During retrieval, this structure enables flexible navigation. If a query matches a sentence-level chunk, the system can expand upward to provide additional context from its parent paragraph or even the entire section. Conversely, if a broad query matches a section-level chunk, the system can drill down into the most relevant child paragraph or sentence. This multi-level retrieval improves both precision and recall, since the model can adapt the scope of the returned content.

**Contextual chunking** goes a step further by enriching chunks with metadata such as headings, timestamps, or source references. This additional information provides important signals that help retrieval systems disambiguate results. For instance, two documents may contain nearly identical sentences, but their section titles or timestamps can determine which one is more relevant to a query. Metadata also makes it easier to trace answers back to their source, which is particularly valuable in regulated or compliance-driven domains.

Advantage:
+ both methods are accurate and flexible.

Drawbacks:
- Added complexity in both preprocessing and retrieval logic, since the system must manage relationships between chunks instead of treating them as independent units.

These approaches might be suitable for domains like legal contracts, financial reports, or technical specifications, where preserving structure and traceability is essential.

### Topic-based and Modality-Specific Chunking

These methods are the more flexible ways to group related content, because the structure or the hierarchy of all documents cannot be exactly identical.

*Topic Based Chunking* groups text by thematic units using algorithms such as Latent Dirichlet Allocations (LDA) which is an embedding based clustering methods to identify semantic boundaries.

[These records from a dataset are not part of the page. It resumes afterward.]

lemma cs_pre_G:
  assumes "\<alpha> \<noteq> 0" "a \<noteq> 0" "umin < 0" "0 < umax"
  shows "cs_pre umin umax a 0 \<alpha> \<beta> G"
  unfolding cs_pre_def
proof (intro conjI ballI subset_refl)
  fix p assume "p \<in> G"
  then obtain x y where p: "p = (x, y)" "0 < x"
    unfolding G_def by (cases p) auto
  have "admissible umin umax (\<lambda>_. 0)"
    using assms(3,4) by (intro admissible_const) simp
  moreover have "\<forall>t\<ge>0. const_control_flow a \<alpha> \<beta> 0 x y t \<in> G"
    using p(2) unfolding const_control_flow_zero G_def by simp
  ultimately show "\<exists>u \<gamma>. admissible umin umax u \<and> is_solution a 0 \<alpha> \<beta> p u \<gamma> \<and> (\<forall>t\<ge>0. \<gamma> t \<in> G)"
    unfolding p(1) using is_solution_const_control[OF assms(1)] by blast
  show "G \<subseteq> closure (orbit_pos umin umax a 0 \<alpha> \<beta> p) \<inter> G"
    using G_subset_orbit_pos[OF assms p(2)] closure_subset unfolding p(1) by blast
qed

lemma control_set_iff_eq:
  assumes "cs_pre umin umax a b \<alpha> \<beta> G"
  shows "control_set umin umax a b \<alpha> \<beta> C \<longleftrightarrow> C = G"
  using assms unfolding control_set_def cs_pre_def by blast

theorem mainTheorem7:
  fixes umin umax a b \<alpha> \<beta> :: real
  assumes "umin < 0" and "0 < umax"
    and "(a, b) \<noteq> (0, 0)" and "(\<alpha>, \<beta>) \<noteq> (0, 0)"
    and "b = 0" and "\<alpha> \<noteq> 0" and "a \<noteq> 0"
  shows "\<forall>C. control_set umin umax a b \<alpha> \<beta> C \<longleftrightarrow> C = G"
  using control_set_iff_eq cs_pre_G[OF assms(6,7,1,2)] assms(5) by blast

end
lemma openin_connectification_carrier:
  assumes "Y \<in> connectifications i X" "locally_compact_space X"
  shows "openin Y (Some ` topspace X)" (is "openin Y ?S")
proof -
  have "Hausdorff_space Y"
    using T_space_imp_regular_t1_Hausdorff connectificationsD(5)[OF assms(1)] by blast
  moreover have "?S \<subseteq> topspace Y" using connectificationsD(1)[OF assms(1)] by auto
  moreover have "locally_compact_space (subtopology Y ?S)"
    using homeomorphic_locally_compact_space[OF homeomorphic_map_imp_homeomorphic_space]
      connectificationsD(2)[OF assms(1)] assms(2) by blast
  ultimately have "openin (subtopology Y (Y closure_of ?S)) ?S"
    by (rule locally_compact_subspace_openin_closure_of)
  then show ?thesis using connectificationsD(3)[OF assms(1)] by simp
qed

lemma continuous_map_connectifications_fixes_None:
  assumes Y1: "Y1 \<in> connectifications i X" and Y2: "Y2 \<in> connectifications i X"
    and lc: "locally_compact_space X"
    and f: "continuous_map Y2 Y1 f" and f_Some: "\<And>x. x \<in> topspace X \<Longrightarrow> f (Some x) = Some x"
  shows "f None = None"
proof (rule ccontr)
  let ?S = "Some ` topspace X"
  assume "f None \<noteq> None"
  moreover have "f None \<in> topspace Y1"
    using continuous_map_image_subset_topspace[OF f] connectificationsD(1)[OF Y2] by blast
  ultimately obtain x where x: "x \<in> topspace X" "f None = Some x"
    using connectificationsD(1)[OF Y1] by auto
  have "Hausdorff_space Y2"
    using T_space_imp_regular_t1_Hausdorff connectificationsD(5)[OF Y2] by blast
  moreover have "None \<in> topspace Y2" "Some x \<in> topspace Y2"
    using connectificationsD(1)[OF Y2] x(1) by auto
  ultimately obtain N M where NM: "openin Y2 N" "openin Y2 M" "None \<in> N" "Some x \<in> M" "disjnt N M"
    unfolding Hausdorff_space_def by blast
  have "openin (subtopology Y1 ?S) (M \<inter> ?S)"
    using openin_subtopology_Int[OF NM(2)] subtopology_connectifications_eq[OF Y1 Y2] by simp
  then have "openin Y1 (M \<inter> ?S)"
    using openin_open_subtopology[OF openin_connectification_carrier[OF Y1 lc]] by simp
  then have O: "openin Y2 (N \<inter> {y \<in> topspace Y2. f y \<in> M \<inter> ?S})"
    using openin_continuous_map_preimage[OF f] NM(1) by blast
  have "None \<in> N \<inter> {y \<in> topspace Y2. f y \<in> M \<inter> ?S}"
    using NM(3,4) x \<open>None \<in> topspace Y2\<close> by simp
  moreover have "topspace Y2 \<inter> ?S = ?S" using connectificationsD(1)[OF Y2] by auto
  ultimately have "N \<inter> {y \<in> topspace Y2. f y \<in> M \<inter> ?S} \<inter> ?S \<noteq> {}"
    using openin_Int_closure_of_eq_empty[OF O, of ?S] connectificationsD(3)[OF Y2] by auto
  then obtain z where "z \<in> topspace X" "Some z \<in> N" "f (Some z) \<in> M"
    by blast
  then show False using f_Some NM(5) unfolding disjnt_def by auto
qed

lemma conn_le_iff_coarser:
  assumes Y1: "Y1 \<in> connectifications i X" and Y2: "Y2 \<in> connectifications i X"
    and lc: "locally_compact_space X"
  shows "conn_le X Y1 Y2 \<longleftrightarrow> coarser_topology Y1 Y2"
proof
  assume "conn_le X Y1 Y2"
  then obtain f where f: "continuous_map Y2 Y1 f" "\<And>x. x \<in> topspace X \<Longrightarrow> f (Some x) = Some x"
    unfolding conn_le_def by blast
  have "f y = y" if "y \<in> topspace Y2" for y
    using that f(2) continuous_map_connectifications_fixes_None[OF Y1 Y2 lc f]
      connectificationsD(1)[OF Y2] by auto
  then have "{y \<in> topspace Y2. f y \<in> U} = U" if "openin Y1 U" for U
    using openin_subset[OF that] connectificationsD(1)[OF Y1] connectificationsD(1)[OF Y2] by auto
  then show "coarser_topology Y1 Y2"
    unfolding coarser_topology_def using openin_continuous_map_preimage[OF f(1)] by metis
next
  assume coarser: "coarser_topology Y1 Y2"
  have ts: "topspace Y1 = topspace Y2"
    using connectificationsD(1)[OF Y1] connectificationsD(1)[OF Y2] by simp
  have "continuous_map Y2 Y1 id"
    unfolding continuous_map_def
  proof (intro conjI allI impI)
    show "id \<in> topspace Y2 \<rightarrow> topspace Y1" using ts by simp
    fix U assume U: "openin Y1 U"
    then have "{x \<in> topspace Y2. id x \<in> U} = U" using openin_subset ts by fastforce
    then show "openin Y2 {x \<in> topspace Y2. id x \<in> U}"
      using coarser U unfolding coarser_topology_def by simp
  qed
  then show "conn_le X Y1 Y2" unfolding conn_le_def by auto
qed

Instead of fixed sizes or structural markers, the goal is to keep all content related to a theme in one place. This approach works well for long-form content such as research reports or articles that shift between distinct subjects. Because each chunk stays focused on a single theme, retrieval results are more aligned with user intent and less likely to include unrelated material.

*Modality Specific Chunking* adapts strategies to different content types to ensure the information is segmented to respect the structure of the medium.